## Information provided

"""

(* Let $\tilde X(t)=V(t-t_0)$ for $t\ge t_0$, where $V\sim\mathcal{N}(0,I_d)$, and let $D_c$ be the closed unit ball of $\mathbb{R}^d$ centred at $0$. Then for $\alpha>0$ the unique continuous solution of $$f(t)=\alpha\mu_{\tilde X(t)}(D_c)-\alpha\int_{t_0}^t\mu_{\tilde X(t)\mid\tilde X(u)\in D_c}(D_c)f(u)\,du,\quad t>t_0,$$ is $f(t)=\alpha e^{-\alpha(t-t_0)}F_{\chi^2_d}\{(t-t_0)^{-2}\}$, and $\int_{t_0}^\infty f(t)\,dt<1$, i.e. the corresponding capture time satisfies $\mathbb{P}(T_c=\infty)>0$.
   Context: $F_{\chi^2_d}$ is the cumulative distribution function of the chi-squared distribution with $d$ degrees of freedom. $\mu_{\tilde X(t)\mid\tilde X(u)\in D_c}(D_c)=\mu_{\tilde X(t),\tilde X(u)}(D_c\times D_c)/\mu_{\tilde X(u)}(D_c)$. The capture time $T_c$ has density $f$ on $(t_0,\infty)$ and $\mathbb{P}(T_c=\infty)=1-\int_{t_0}^\infty f$. *)

theory Defs
  imports "HOL-Probability.Probability"
begin

definition std_gauss :: "('a::euclidean_space) measure" where
  "std_gauss = density lborel
     (\<lambda>x. ennreal ((2 * pi) powr (- real DIM('a) / 2) * exp (- (norm x)\<^sup>2 / 2)))"

text \<open>Law of Xtilde(t) = V (t - t0), V ~ N(0,I_d): mu_{X(t)}(D) = P(V (t - t0) in D).\<close>
definition lawX :: "real \<Rightarrow> real \<Rightarrow> 'a::euclidean_space set \<Rightarrow> real" where
  "lawX t0 t D = measure (std_gauss :: 'a measure) {v \<in> space std_gauss. (t - t0) *\<^sub>R v \<in> D}"

definition lawXX :: "real \<Rightarrow> real \<Rightarrow> real \<Rightarrow> 'a::euclidean_space set \<Rightarrow> real" where
  "lawXX t0 t u D = measure (std_gauss :: 'a measure)
     {v \<in> space std_gauss. (t - t0) *\<^sub>R v \<in> D \<and> (u - t0) *\<^sub>R v \<in> D}"

definition condlaw :: "real \<Rightarrow> real \<Rightarrow> real \<Rightarrow> 'a::euclidean_space set \<Rightarrow> real" where
  "condlaw t0 t u D = lawXX t0 t u D / (lawX t0 u D :: real)"

definition chi2_density :: "nat \<Rightarrow> real \<Rightarrow> real" where
  "chi2_density d x = (if x > 0 then x powr (real d / 2 - 1) * exp (- x / 2)
       / (2 powr (real d / 2) * Gamma (real d / 2)) else 0)"

definition chi2_cdf :: "nat \<Rightarrow> real \<Rightarrow> real" where
  "chi2_cdf d x = (LBINT y=0..x. chi2_density d y)"

end

theory Submission
  imports Defs "HOL-Real_Asymp.Real_Asymp"
begin

text \<open>
  For \<open>t > t0\<close> the event \<open>X(t) \<in> D_c\<close> is \<open>|V| \<le> 1 / (t - t0)\<close>, so its probability \<open>g t\<close>
  is \<open>P(|V|^2 \<le> (t - t0)^-2) = F_chi2((t - t0)^-2)\<close>. The chi-squared identification comes from
  differentiating \<open>r \<mapsto> P(|V| \<le> r)\<close>: on a thin spherical shell the Gaussian density is squeezed
  between its values on the two bounding spheres. The events decrease in \<open>t\<close>, so the conditional
  kernel is \<open>g t / g u\<close>, and dividing the equation by \<open>g t\<close> leaves \<open>h t = \<alpha> - \<alpha> \<integral>\<^sub>t\<^sub>0\<^sup>t h\<close>
  for \<open>h = f / g\<close>, whose only continuous solution is \<open>\<alpha> exp (- \<alpha> (t - t0))\<close>. Finally
  \<open>g t \<le> P(|V| \<le> 1) < 1\<close> once \<open>t > t0 + 1\<close>, so the mass of \<open>f = \<alpha> exp (- \<alpha> (t - t0)) g t\<close>
  stays strictly below that of the exponential density.
\<close>

lemma sets_std_gauss [simp, measurable_cong]: "sets std_gauss = sets borel"
  by (simp add: std_gauss_def)

lemma space_std_gauss [simp]: "space std_gauss = UNIV"
  by (simp add: std_gauss_def)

"""

## The task
Pick out and copy the lines of the entries that hold the string "Rightarrow".

## Result for this task
definition lawX :: "real \<Rightarrow> real \<Rightarrow> 'a::euclidean_space set \<Rightarrow> real" where
definition lawXX :: "real \<Rightarrow> real \<Rightarrow> real \<Rightarrow> 'a::euclidean_space set \<Rightarrow> real" where
definition condlaw :: "real \<Rightarrow> real \<Rightarrow> real \<Rightarrow> 'a::euclidean_space set \<Rightarrow> real" where
definition chi2_density :: "nat \<Rightarrow> real \<Rightarrow> real" where
definition chi2_cdf :: "nat \<Rightarrow> real \<Rightarrow> real" where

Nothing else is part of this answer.